Incident Response, Patch/Configuration Management, TDR, Vulnerability Management

Waste no time patching Windows Schannel, OLE bugs, experts warn

Two critical bugs, both residing in Microsoft Windows, received a Patch Tuesday update this week – but the security community is chiming in to urge users to waste no time implementing these fixes.  

One vulnerability, CVE-2014-6332, had been remotely exploitable for 18 years prior to its patch, and could be used by an attacker to circumvent Microsoft's free anti-exploitation tool EMET and its Enhanced Protected Mode (EPM) sandbox in Internet Explorer 11 to carry out drive-by attacks.

The other bug, CVE-2014-6321, impacts the Windows Secure Channel (Schannel) security package, technology that implements SSL and TLS secure communications protocols.
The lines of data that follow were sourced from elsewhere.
text \<open>Entries of \<open>B\<close> lie in \<open>[0,1]\<close> and entries of \<open>H\<close> in \<open>[0,n]\<close>, so on the grid \<open>n\<^sup>-\<^sup>4 \<nat>\<close>
  their numerators range over \<open>{..n\<^sup>4}\<close> and \<open>{..n\<^sup>5}\<close>.\<close>

definition grid_params :: "nat \<Rightarrow> nat \<Rightarrow> nat
    \<Rightarrow> ((nat \<Rightarrow> nat) \<times> (nat \<Rightarrow> nat) \<times> (nat \<times> nat \<Rightarrow> nat) \<times> (nat \<times> nat \<Rightarrow> nat)) set" where
  "grid_params n K L =
     ({..<n} \<rightarrow>\<^sub>E {..<K}) \<times> ({..<K} \<rightarrow>\<^sub>E {..<L}) \<times>
     ({..<K} \<times> {..<K} \<rightarrow>\<^sub>E {..n ^ 4}) \<times> ({..<n} \<times> {..<L} \<rightarrow>\<^sub>E {..n ^ 5})"

definition nbm_net :: "nat \<Rightarrow> nat \<Rightarrow> nat \<Rightarrow> (nat \<Rightarrow> nat \<Rightarrow> real) set" where
  "nbm_net n K L =
     {M \<in> (\<lambda>(z,c,b,h). grid_nbm n (n ^ 4) z c b h) ` grid_params n K L. unit_entries n M}"

lemma finite_grid_params: "finite (grid_params n K L)"
  unfolding grid_params_def by (intro finite_cartesian_product finite_PiE) auto

lemma finite_nbm_net: "finite (nbm_net n K L)"
  unfolding nbm_net_def using finite_grid_params by auto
On Wednesday, researchers at Rapid7 noted that, while the Schannel bug shouldn't be quickly likened to Heartbleed or Bash bug in the security risk it poses, the vulnerability should be patched across all clients and servers “as soon as possible.”
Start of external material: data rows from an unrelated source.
lemma potential_le: "potential t \<le> B * (h * (\<Sum>k\<le>N. edge_energy k t))"
proof -
  have "(\<Sum>k=1..N. a_node k * (norm (U k t))\<^sup>2) \<le> (\<Sum>k=1..N. B * (h * (\<Sum>i\<le>N. edge_energy i t)))"
  proof (rule sum_mono)
    fix k assume k: "k \<in> {1..N}"
    have "a_node k * (norm (U k t))\<^sup>2 \<le> B * (h * (\<Sum>i<k. edge_energy i t))"
      using a_node_bounds[of k] norm_U_le_edge_sum[of k t] k B_nonneg by (intro mult_mono) auto
    also have "\<dots> \<le> B * (h * (\<Sum>i\<le>N. edge_energy i t))"
      using k B_nonneg h_pos edge_energy_nonneg by (intro mult_left_mono sum_mono2) auto
    finally show "a_node k * (norm (U k t))\<^sup>2 \<le> B * (h * (\<Sum>i\<le>N. edge_energy i t))" .
  qed
  then have "potential t \<le> (h * real N) * (B * (h * (\<Sum>k\<le>N. edge_energy k t)))"
    unfolding potential_def using h_pos by (simp add: mult.assoc mult_left_mono)
  also have "\<dots> \<le> B * (h * (\<Sum>k\<le>N. edge_energy k t))"
    using h_mult_nodes h_pos B_nonneg edge_energy_nonneg
    by (intro mult_left_le_one_le mult_nonneg_nonneg sum_nonneg) (auto simp: algebra_simps)
  finally show ?thesis .
qed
According to Microsoft, its patch corrects the way Schannel “sanitizes specially crafted packets.” Without the fix in place, however, a remote attacker could exploit the vulnerability to run arbitrary code on a targeted server.
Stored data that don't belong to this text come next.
lemma mstep_simulates_reduction:
  assumes "unfold H u a 0 s" and "(step ^^ k) s (Lam w)"
  shows "\<exists>g X. (mstep ^^ (4 * k + 1)) ((gamma u @ P, a) # T, V, H) ((P, a) # T, g # V, H @ X)
    \<and> clo_rep (H @ X) g (Lam w)"
  using assms
proof (induction k arbitrary: u a H s w P T V rule: less_induct)
  case (less k)
  show ?case
  proof (cases u)
    case (Var n)
    with less.prems(1) obtain Q b u' where lk: "lookup H a n = Some (Q, b)"
      and Q: "prog_rep Q u'" and u': "unfold H u' b 0 s"
      by (auto elim: unfold.cases)
    from Q u' obtain s' where "s = Lam s'"
      unfolding prog_rep_def by (auto elim: unfold_LamE)
    with less.prems(2) have "k = 0" "s = Lam w" by (auto dest: relpowp_step_Lam)
    moreover have "mstep ((gamma u @ P, a) # T, V, H) ((P, a) # T, (Q, b) # V, H @ [])"
      using Var lk by (auto intro: mVar)
    moreover have "clo_rep (H @ []) (Q, b) (Lam w)"
      using Q u' \<open>s = Lam w\<close> unfolding clo_rep_def by auto
    ultimately show ?thesis
      by (intro exI[of _ "(Q, b)"] exI[of _ "[]"]) (simp add: relpowp_1 del: relpowp.simps(2))
  next
    case (Lam u0)
    with less.prems(1) obtain s' where "s = Lam s'" by (auto elim: unfold_LamE)
    with less.prems(2) have "k = 0" "s = Lam w" by (auto dest: relpowp_step_Lam)
    moreover have "mstep ((gamma u @ P, a) # T, V, H) ((P, a) # T, (gamma u0, a) # V, H @ [])"
      using Lam phi_gamma_Ret[of u0 P] by (auto intro: mLam)
    moreover have "clo_rep (H @ []) (gamma u0, a) (Lam w)"
      using less.prems(1) Lam \<open>s = Lam w\<close> unfolding clo_rep_def prog_rep_def by auto
    ultimately show ?thesis
      by (intro exI[of _ "(gamma u0, a)"] exI[of _ "[]"]) (simp add: relpowp_1 del: relpowp.simps(2))
  next
    case (App u1 u2)
    with less.prems(1) obtain s1 s2 where s: "s = App s1 s2"
      and u1: "unfold H u1 a 0 s1" and u2: "unfold H u2 a 0 s2"
      by (auto elim: unfold.cases)
    from less.prems(2)[unfolded s] obtain k1 k2 k3 a1 b2 where k: "k = k1 + k2 + Suc k3"
      and red1: "(step ^^ k1) s1 (Lam a1)" and red2: "(step ^^ k2) s2 (Lam b2)"
      and body: "(step ^^ k3) (subst a1 0 (Lam b2)) (Lam w)"
      by (rule relpowp_step_App_LamE)
    then have "k1 < k" "k2 < k" "k3 < k" by simp_all
    from less.IH[OF \<open>k1 < k\<close> u1 red1, where P = "gamma u2 @ AppC # P" and T = T and V = V]
    obtain Q c X1 where
      run1: "(mstep ^^ (4 * k1 + 1)) ((gamma u1 @ gamma u2 @ AppC # P, a) # T, V, H)
        ((gamma u2 @ AppC # P, a) # T, (Q, c) # V, H @ X1)"
      and c1: "clo_rep (H @ X1) (Q, c) (Lam a1)" by (metis surj_pair)
    from less.IH[OF \<open>k2 < k\<close> unfold_append[OF u2, of X1] red2,
        where P = "AppC # P" and T = T and V = "(Q, c) # V"]
    obtain g X2 where
      run2: "(mstep ^^ (4 * k2 + 1)) ((gamma u2 @ AppC # P, a) # T, (Q, c) # V, H @ X1)
        ((AppC # P, a) # T, g # (Q, c) # V, H @ X1 @ X2)"
      and c2: "clo_rep (H @ X1 @ X2) g (Lam b2)" unfolding append_assoc by blast
    let ?H = "H @ X1 @ X2" and ?e = "Suc (length (H @ X1 @ X2))"
    obtain w1 where
      beta: "mstep ((AppC # P, a) # T, g # (Q, c) # V, ?H)
        ((gamma w1 @ [], ?e) # (P, a) # T, V, ?H @ [(g, c)])"
      and w1: "unfold (?H @ [(g, c)]) w1 ?e 0 (subst a1 0 (Lam b2))"
      by (rule mstep_App_beta[OF clo_rep_append[OF c1, of X2, unfolded append_assoc] c2])
    from less.IH[OF \<open>k3 < k\<close> w1 body, where P = "[]" and T = "(P, a) # T" and V = V]
    obtain g3 X3 where
      run3: "(mstep ^^ (4 * k3 + 1)) ((gamma w1 @ [], ?e) # (P, a) # T, V, ?H @ [(g, c)])
        (([], ?e) # (P, a) # T, g3 # V, ?H @ [(g, c)] @ X3)"
      and c3: "clo_rep (?H @ [(g, c)] @ X3) g3 (Lam w)" unfolding append_assoc by blast
    have steps: "Suc (Suc ((4 * k1 + 1) + (4 * k2 + 1)) + (4 * k3 + 1)) = 4 * k + 1"
      using k by simp
    have "(mstep ^^ Suc (Suc ((4 * k1 + 1) + (4 * k2 + 1)) + (4 * k3 + 1)))
        ((gamma u @ P, a) # T, V, H) ((P, a) # T, g3 # V, ?H @ [(g, c)] @ X3)"
      using relpowp_Suc_I[OF relpowp_trans[OF relpowp_Suc_I[OF relpowp_trans[OF run1 run2] beta]
          run3] mNil] App by simp
    with c3 show ?thesis unfolding steps
      by (intro exI[of _ g3] exI[of _ "X1 @ X2 @ [(g, c)] @ X3"]) simp
  qed
qed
“We have seen this vulnerability being compared to Heartbleed and want to dispel some of the myths floating around,” Josh Feinblum, vice president of information security at Rapid7, wrote in the blog post. “This vulnerability poses serious theoretical risk to organizations and should be patched as soon as possible, but it does not have the same release-time impact as many of the other recently highly-publicized vulnerabilities. Heartbleed, Bash bug, and Sandworm are all security risks that were being actively exploited in the wild upon their publication, and exploitation was relatively trivial.  Additionally, sufficient remediation via patching was not readily available at the same time when some of these risks were publicly disclosed,” he continued.

While it may not have reached Heartbleed status, the patch should be top of mind, Feinblum said, since SChannel allows secure communications on a number of Microsoft products, including Active Directory, Internet Information Services (ISS), Exchange, IE and Windows Update.

The other bug gaining the attention of security experts, CVE-2014-6332, was designated by Microsoft as a “Windows OLE automation Array Remote Code Execution Vulnerability” on Patch Tuesday. That day, IBM X-Force Research manager Robert Freeman detailed the issue on the company's Security Intelligence blog, noting that the bug impacts every version of Microsoft Windows since Windows 95.

He revealed that the vulnerability has been around for nearly two decades.

“Looking at the original release code of Windows 95, the problem is present,” Freeman wrote. “With the release of IE 3.0 [in 1996], remote exploitation became possible because it introduced Visual Basic Script (VBScript). Other applications over the years may have used the buggy code, though the inclusion of VBScript in IE 3.0 makes it the most likely candidate for an attacker. In some respects, this vulnerability has been sitting in plain sight for a long time despite many other bugs being discovered and patched in the same Windows library (OleAut32),” he said.

Microsoft fixed the bug Tuesday with its top bulletin MS14-064, but Freeman reinforced that it could be used by an attacker for drive-by attacks “to reliably run code remotely and take over the user's machine,” bypassing Microsoft protections, like the widely used EMET anti-exploitation tool and the Enhanced Protected Mode (EPM) sandbox in IE 11.

There are currently no reports of the bug being exploited in the wild as such a feat would be “tricky,” Freeman explained, detailing a number of factors that make exploitation difficult, including the fact that array elements are a fixed sized.

In a follow up interview with SCMagazine.com, Freeman said Wednesday that the OLE bug falls in a class of data manipulation bugs that is “very interesting.”

“The reliability of exploitation of the bug that I disclosed is exceptionally high. It's really hard to conceptually come up with exploitation scenarios for the bug I disclosed, but once you have that, it becomes very formulaic,” he said, adding that for an attacker, “the same VBScript code will cause the exact same outcome all of the time.”

He added that organizations should promptly employ the patch, especially since users often underestimate their use of IE.

“Often users claim they don't use Internet Explorer, but for corporate users there's usually something that necessitates the use of IE either for legacy reasons or [another functionality]. You could still find yourself in a situation where you have forgotten to switch to a more secure environment,” Freeman said.